* [Problem to work on]:
Write out, unaltered, each line from the top of the records below down to the line where "w = freduce" appears, that line included.

* [Stored data]:
lemma fmult_last_letter_mem:
  assumes cv: "\<forall>w\<in>\<xi>. \<forall>k. drop k w \<in> \<xi>" and a: "\<alpha> \<in> \<xi>" "reduced \<alpha>"
    and d: "reduced (\<delta>' @ [t])" and m: "fmult (\<delta>' @ [t]) \<alpha> \<in> \<xi>"
  shows "fmult [t] \<alpha> \<in> \<xi>"
proof (cases "\<exists>\<alpha>'. \<alpha> = inv_letter t # \<alpha>'")
  case True
  then obtain \<alpha>' where "\<alpha> = inv_letter t # \<alpha>'" by blast
  moreover then have "fmult [t] \<alpha> = \<alpha>'" using a by (simp add: fmult_single red_cons_def)
  ultimately show ?thesis using cv a by (metis drop_Suc drop_0 list.sel(3))
next
  case False
  then have h: "\<alpha> = [] \<or> hd \<alpha> \<noteq> inv_letter t" by (cases \<alpha>) auto
  have r: "reduced ((\<delta>' @ [t]) @ \<alpha>)" by (rule iffD2[OF reduced_append]) (use d a h in auto)
  then have "fmult (\<delta>' @ [t]) \<alpha> = \<delta>' @ t # \<alpha>" by (simp add: fmult_def freduce_ident)
  moreover have "reduced (t # \<alpha>)" using h a(2) by (simp only: reduced_Cons)
  then have "fmult [t] \<alpha> = t # \<alpha>" by (rule fmult_single_Cons)
  moreover have "drop (length \<delta>') (\<delta>' @ t # \<alpha>) = t # \<alpha>" by simp
  ultimately show ?thesis using cv m by metis
qed

lemma drop_length_le_1: "length w \<le> 1 \<Longrightarrow> drop k w = w \<or> drop k w = []"
  by (cases w; cases k) auto

section \<open>Forgetting the balls\<close>

definition base_letter :: "'a nsym letter \<Rightarrow> 'a letter" where
  "base_letter x = (fst (snd (fst x)), snd x)"

lemma base_letter_inv_letter[simp]: "base_letter (inv_letter x) = inv_letter (base_letter x)"
  by (simp add: base_letter_def inv_letter_def)

lemma Psi_n_eq_freduce_base: "Psi_n w = freduce (map base_letter w)"
  by (simp add: Psi_n_def base_letter_def[abs_def])

lemma Psi_n_fmult: "Psi_n (fmult g h) = fmult (Psi_n g) (Psi_n h)"
proof -
  have "Psi_n (fmult g h) = freduce (map base_letter (g @ h))"
    by (simp add: Psi_n_eq_freduce_base fmult_def freduce_map)
  also have "\<dots> = fmult (Psi_n g) (Psi_n h)"
    by (simp add: Psi_n_eq_freduce_base fmult_def)
  finally show ?thesis .
qed

lemma reduced_Psi_n[simp]: "reduced (Psi_n g)"
  by (simp add: Psi_n_eq_freduce_base)

lemma Psi_n_Nil[simp]: "Psi_n [] = []" by (simp add: Psi_n_eq_freduce_base)

lemma Psi_n_finv: "Psi_n (finv g) = finv (Psi_n g)"
proof -
  have "fmult (Psi_n (finv g)) (Psi_n g) = []"
    by (metis Psi_n_fmult Psi_n_Nil fmult_finv_left)
  then show ?thesis by (rule fmult_left_inv_unique[rotated 2]) simp_all
qed

lemma Psi_n_single[simp]: "Psi_n [x] = [base_letter x]"
  by (simp add: Psi_n_eq_freduce_base freduce_Cons red_cons_def)

lemma Psi_n_eq_map_base: "reduced (map base_letter w) \<Longrightarrow> Psi_n w = map base_letter w"
  by (simp add: Psi_n_eq_freduce_base freduce_ident)
lemma avoids_321_shape_iff:
  fixes as bs ys :: "nat list"
  assumes high: "\<forall>x\<in>set (as @ bs). b < x \<and> (\<forall>y\<in>set ys. y < x)"
    and "b \<notin> set ys" and "as @ bs \<noteq> []" and "ys \<noteq> []"
  shows "\<not> contains (as @ b # bs @ ys) [3,2,1] \<longleftrightarrow>
           sorted (as @ bs) \<and> sorted ys \<and> (as = [] \<or> (\<forall>y\<in>set ys. b < y))"
    (is "\<not> contains ?\<sigma> _ \<longleftrightarrow> ?sorted_high \<and> ?sorted_low \<and> ?min_first")
proof
  assume no_321: "\<not> contains ?\<sigma> [3,2,1]"
  have \<sigma>_split: "?\<sigma> = (as @ b # bs) @ ys"
    by simp
  have high_before_low: "subseq [h, y, z] ?\<sigma>" if "h \<in> set (as @ bs)" "subseq [y, z] ys" for h y z
  proof -
    have "h \<in> set (as @ b # bs)"
      using that(1) by auto
    then show ?thesis
      unfolding \<sigma>_split using that(2) by (rule subseq_Cons_appendI)
  qed
  obtain z where "z \<in> set ys"
    using \<open>ys \<noteq> []\<close> hd_in_set by blast
  obtain h where "h \<in> set (as @ bs)"
    using \<open>as @ bs \<noteq> []\<close> hd_in_set by blast
  have ?sorted_high
  proof (rule ccontr)
    assume "\<not> ?sorted_high"
    then obtain x y where xy: "subseq [x, y] (as @ bs)" "y < x"
      unfolding sorted_iff_subseq_pairs by (auto simp: not_le)
    have "subseq [x, y] (as @ b # bs)"
      using xy(1) by (rule subseq_order.order_trans) (simp add: subseq_append' list_emb_Cons)
    then have "subseq ([x, y] @ [z]) ((as @ b # bs) @ ys)"
      using \<open>z \<in> set ys\<close> by (rule subseq_snoc_appendI)
    moreover have "z < y"
      using high \<open>z \<in> set ys\<close> set_mono_subseq[OF xy(1)] by auto
    ultimately have "contains ?\<sigma> [3,2,1]"
      using \<open>y < x\<close> unfolding contains_321_iff by auto
    with no_321 show False ..
  qed
  moreover have ?sorted_low
  proof (rule ccontr)
    assume "\<not> ?sorted_low"
    then obtain y z where yz: "subseq [y, z] ys" "z < y"
      unfolding sorted_iff_subseq_pairs by (auto simp: not_le)
    moreover have "y < h"
      using high \<open>h \<in> set (as @ bs)\<close> set_mono_subseq[OF yz(1)] by auto
    ultimately have "contains ?\<sigma> [3,2,1]"
      using high_before_low[OF \<open>h \<in> set (as @ bs)\<close> yz(1)] unfolding contains_321_iff by blast
    with no_321 show False ..
  qed
  moreover have ?min_first
  proof (rule ccontr)
    assume "\<not> ?min_first"
    then obtain y where "as \<noteq> []" "y \<in> set ys" "y < b"
      using \<open>b \<notin> set ys\<close> by (auto simp: not_less le_less)
    then obtain x where "x \<in> set as"
      using hd_in_set by blast
    have "subseq [b, y] (b # bs @ ys)"
      using \<open>y \<in> set ys\<close> by (simp add: subseq_singleton_left)
    then have "subseq [x, b, y] ?\<sigma>"
      using \<open>x \<in> set as\<close> by (rule subseq_Cons_appendI[rotated])
    moreover have "b < x"
      using high \<open>x \<in> set as\<close> by simp
    ultimately have "contains ?\<sigma> [3,2,1]"
      using \<open>y < b\<close> unfolding contains_321_iff by blast
    with no_321 show False ..
  qed
  ultimately show "?sorted_high \<and> ?sorted_low \<and> ?min_first"
    by blast
next
  assume "?sorted_high \<and> ?sorted_low \<and> ?min_first"
  then have "?sorted_high" "?sorted_low" "?min_first"
    by blast+
  show "\<not> contains ?\<sigma> [3,2,1]"
  proof
    assume "contains ?\<sigma> [3,2,1]"
    then obtain x y z where xyz: "subseq [x, y, z] ?\<sigma>" "z < y" "y < x"
      unfolding contains_321_iff by blast
    have "subseq [x, y] ?\<sigma>" "subseq [y, z] ?\<sigma>"
      by (rule subseq_order.order_trans[OF _ xyz(1)], simp)+
    moreover have "\<forall>x\<in>set (as @ bs). b < x"
      using high by blast
    ultimately have xy: "x \<in> set (as @ b # bs) \<and> y \<in> set ys \<or> x \<in> set as \<and> y = b"
      and yz: "y \<in> set (as @ b # bs) \<and> z \<in> set ys \<or> y \<in> set as \<and> z = b"
      using descent_in_shape[OF \<open>?sorted_high\<close> _ \<open>?sorted_low\<close>] xyz(2,3) by blast+
    have disjoint: "set (as @ b # bs) \<inter> set ys = {}"
      using high \<open>b \<notin> set ys\<close> by auto
    have "y = b" "as \<noteq> []"
      using xy yz disjoint by auto
    then show False
      using yz \<open>?min_first\<close> xyz(2) by auto
  qed
qed
(* Let $G$ be a copious graph on $[n]$ which has a universal vertex. Then $G$ is topologically copious.
   Context: Setup. $G\subseteq\binom{[n]}{2}$ is a simple graph, $n\ge4$, and $G_i$ is the set of neighbours of $i$. A vertex is universal if it is adjacent to all other vertices. The kinematic space $\mathcal K_G\subseteq\mathbb C^{|G|}$ (also in $\mathbb P^{|G|-1}$) is defined by $\sum_{j\in G_i}s_{ij}=0$ for $i\in[n]$, and $\kappa(G)$ is its codimension. $\mathcal H=\bigcup_{i<j}\{x_i=x_j\}$. $\mathcal M_{0,n}$ is the moduli space of $n$ distinct points on $\mathbb P^1$ modulo $\mathrm{PGL}(2)$ (action $x_i\mapsto(ax_i+b)/(cx_i+d)$). Copious. The scattering correspondence is $$\mathcal V_G=\{(s,x)\in\mathbb P^{|G|-1}\times(\mathbb P^{n-1}\setminus\mathcal H): s\in\mathcal K_G,\ \textstyle\sum_{j\in G_i}s_{ij}/(x_i-x_j)=0\ \forall i\},$$ with projections $\mathcal K_G\leftarrow\mathcal V_G\to\mathcal M_{0,n}$ (an $x$-solution orbit is a point of $\mathcal M_{0,n}$). $G$ is copious if $\mathcal V_G\to\mathcal M_{0,n}$ is dominant and the generic fiber of $\mathcal V_G\to\mathcal K_G$ has dimension two in $\mathbb P^{n-1}$ (modulo $\mathrm{PGL}(2)$ it is finite-to-one). Topologically copious. The kinematic lattice $\Lambda_G=\mathcal K_G\cap\mathbb Z^{|G|}$ has rank $r=|G|-\kappa(G)$. For $u\in\Lambda_G$ set $\tilde u(x)=\prod_{ij\in G,\,i<j}(x_i-x_j)^{u_{ij}}$, a $\mathrm{PGL}(2)$-invariant regular function on $\mathcal M_{0,n}$. For a $\mathbb Z$-basis $u_1,\dots,u_r$, $\Phi_G:\mathcal M_{0,n}\to(\mathbb C^* )^r$ is $x\mapsto(\tilde u_k(x))_k$. $G$ is topologically copious if $\Phi_G$ is an embedding (an isomorphism onto its image). *)

theory Defs
  imports Complex_Main
begin

inductive_set polyfun :: "(('v \<Rightarrow> complex) \<Rightarrow> complex) set" where
  pconst: "(\<lambda>_. c) \<in> polyfun"
| pvar:   "(\<lambda>x. x v) \<in> polyfun"
| padd:   "p \<in> polyfun \<Longrightarrow> q \<in> polyfun \<Longrightarrow> (\<lambda>x. p x + q x) \<in> polyfun"
| pmult:  "p \<in> polyfun \<Longrightarrow> q \<in> polyfun \<Longrightarrow> (\<lambda>x. p x * q x) \<in> polyfun"

definition zariski_dense_in :: "('v \<Rightarrow> complex) set \<Rightarrow> ('v \<Rightarrow> complex) set \<Rightarrow> bool" where
  "zariski_dense_in X Y \<longleftrightarrow> (\<forall>p\<in>polyfun. (\<forall>x\<in>X. p x = 0) \<longrightarrow> (\<forall>y\<in>Y. p y = 0))"

text \<open>A property holds for generic points of the (irreducible) set K:
  on a nonempty Zariski-open subset of K.  Nonzero points only (projective).\<close>
definition generic_on :: "('v \<Rightarrow> complex) set \<Rightarrow> (('v \<Rightarrow> complex) \<Rightarrow> bool) \<Rightarrow> bool" where
  "generic_on K P \<longleftrightarrow> (\<exists>p\<in>polyfun. (\<exists>s\<in>K. p s \<noteq> 0) \<and>
      (\<forall>s\<in>K. (\<exists>v. s v \<noteq> 0) \<longrightarrow> p s \<noteq> 0 \<longrightarrow> P s))"

text \<open>Edges are pairs (i,j) with i < j.\<close>
definition edge :: "nat \<Rightarrow> nat \<Rightarrow> nat \<times> nat" where
  "edge i j = (min i j, max i j)"

definition simple_graph :: "nat \<Rightarrow> (nat \<times> nat) set \<Rightarrow> bool" where
  "simple_graph n G \<longleftrightarrow> G \<subseteq> {(i, j). i < j \<and> j < n}"

definition nbrs :: "nat \<Rightarrow> (nat \<times> nat) set \<Rightarrow> nat \<Rightarrow> nat set" where
  "nbrs n G i = {j. j < n \<and> j \<noteq> i \<and> edge i j \<in> G}"

definition universal_vertex :: "nat \<Rightarrow> (nat \<times> nat) set \<Rightarrow> nat \<Rightarrow> bool" where
  "universal_vertex n G v \<longleftrightarrow> v < n \<and> (\<forall>j<n. j \<noteq> v \<longrightarrow> edge v j \<in> G)"

definition kin_space :: "nat \<Rightarrow> (nat \<times> nat) set \<Rightarrow> (nat \<times> nat \<Rightarrow> complex) set" where
  "kin_space n G = {s. (\<forall>e. e \<notin> G \<longrightarrow> s e = 0) \<and>
      (\<forall>i<n. (\<Sum>j\<in>nbrs n G i. s (edge i j)) = 0)}"

definition kin_lattice :: "nat \<Rightarrow> (nat \<times> nat) set \<Rightarrow> (nat \<times> nat \<Rightarrow> int) set" where
  "kin_lattice n G = {u. (\<forall>e. e \<notin> G \<longrightarrow> u e = 0) \<and>
      (\<forall>i<n. (\<Sum>j\<in>nbrs n G i. u (edge i j)) = 0)}"

text \<open>Configurations of n distinct points of the affine line (the complement of H);
  coordinates beyond n are set to 0.\<close>
definition conf :: "nat \<Rightarrow> (nat \<Rightarrow> complex) set" where
  "conf n = {x. (\<forall>i<n. \<forall>j<n. i \<noteq> j \<longrightarrow> x i \<noteq> x j) \<and> (\<forall>i\<ge>n. x i = 0)}"

text \<open>Two configurations give the same point of M_{0,n} iff related by PGL(2).\<close>
definition mob_equiv :: "nat \<Rightarrow> (nat \<Rightarrow> complex) \<Rightarrow> (nat \<Rightarrow> complex) \<Rightarrow> bool" where
  "mob_equiv n x y \<longleftrightarrow> (\<exists>a b c d. a * d - b * c \<noteq> 0 \<and>
      (\<forall>i<n. c * x i + d \<noteq> 0 \<and> y i = (a * x i + b) / (c * x i + d)))"

definition mob_class :: "nat \<Rightarrow> (nat \<Rightarrow> complex) \<Rightarrow> (nat \<Rightarrow> complex) set" where
  "mob_class n x = {y \<in> conf n. mob_equiv n x y}"

text \<open>Cross-ratio; these functions generate the coordinate ring of M_{0,n}.\<close>
definition cross_ratio :: "nat \<Rightarrow> nat \<Rightarrow> nat \<Rightarrow> nat \<Rightarrow> (nat \<Rightarrow> complex) \<Rightarrow> complex" where
  "cross_ratio i j k l x = ((x i - x k) * (x j - x l)) / ((x i - x l) * (x j - x k))"

definition scat_eqs :: "nat \<Rightarrow> (nat \<times> nat) set \<Rightarrow> (nat \<times> nat \<Rightarrow> complex) \<Rightarrow> (nat \<Rightarrow> complex) \<Rightarrow> bool" where
  "scat_eqs n G s x \<longleftrightarrow> (\<forall>i<n. (\<Sum>j\<in>nbrs n G i. s (edge i j) / (x i - x j)) = 0)"

definition scat_fiber :: "nat \<Rightarrow> (nat \<times> nat) set \<Rightarrow> (nat \<times> nat \<Rightarrow> complex) \<Rightarrow> (nat \<Rightarrow> complex) set" where
  "scat_fiber n G s = {x \<in> conf n. scat_eqs n G s x}"

definition scat_image :: "nat \<Rightarrow> (nat \<times> nat) set \<Rightarrow> (nat \<Rightarrow> complex) set" where
  "scat_image n G = {x \<in> conf n. \<exists>s\<in>kin_space n G. (\<exists>e. s e \<noteq> 0) \<and> scat_eqs n G s x}"

definition copious :: "nat \<Rightarrow> (nat \<times> nat) set \<Rightarrow> bool" where
  "copious n G \<longleftrightarrow>
     zariski_dense_in (scat_image n G) (conf n) \<and>
     generic_on (kin_space n G)
       (\<lambda>s. scat_fiber n G s \<noteq> {} \<and> finite (mob_class n ` scat_fiber n G s))"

* [Exercise result]:
lemma fmult_last_letter_mem:
  assumes cv: "\<forall>w\<in>\<xi>. \<forall>k. drop k w \<in> \<xi>" and a: "\<alpha> \<in> \<xi>" "reduced \<alpha>"
    and d: "reduced (\<delta>' @ [t])" and m: "fmult (\<delta>' @ [t]) \<alpha> \<in> \<xi>"
  shows "fmult [t] \<alpha> \<in> \<xi>"
proof (cases "\<exists>\<alpha>'. \<alpha> = inv_letter t # \<alpha>'")
  case True
  then obtain \<alpha>' where "\<alpha> = inv_letter t # \<alpha>'" by blast
  moreover then have "fmult [t] \<alpha> = \<alpha>'" using a by (simp add: fmult_single red_cons_def)
  ultimately show ?thesis using cv a by (metis drop_Suc drop_0 list.sel(3))
next
  case False
  then have h: "\<alpha> = [] \<or> hd \<alpha> \<noteq> inv_letter t" by (cases \<alpha>) auto
  have r: "reduced ((\<delta>' @ [t]) @ \<alpha>)" by (rule iffD2[OF reduced_append]) (use d a h in auto)
  then have "fmult (\<delta>' @ [t]) \<alpha> = \<delta>' @ t # \<alpha>" by (simp add: fmult_def freduce_ident)
  moreover have "reduced (t # \<alpha>)" using h a(2) by (simp only: reduced_Cons)
  then have "fmult [t] \<alpha> = t # \<alpha>" by (rule fmult_single_Cons)
  moreover have "drop (length \<delta>') (\<delta>' @ t # \<alpha>) = t # \<alpha>" by simp
  ultimately show ?thesis using cv m by metis
qed

lemma drop_length_le_1: "length w \<le> 1 \<Longrightarrow> drop k w = w \<or> drop k w = []"
  by (cases w; cases k) auto

section \<open>Forgetting the balls\<close>

definition base_letter :: "'a nsym letter \<Rightarrow> 'a letter" where
  "base_letter x = (fst (snd (fst x)), snd x)"

lemma base_letter_inv_letter[simp]: "base_letter (inv_letter x) = inv_letter (base_letter x)"
  by (simp add: base_letter_def inv_letter_def)

lemma Psi_n_eq_freduce_base: "Psi_n w = freduce (map base_letter w)"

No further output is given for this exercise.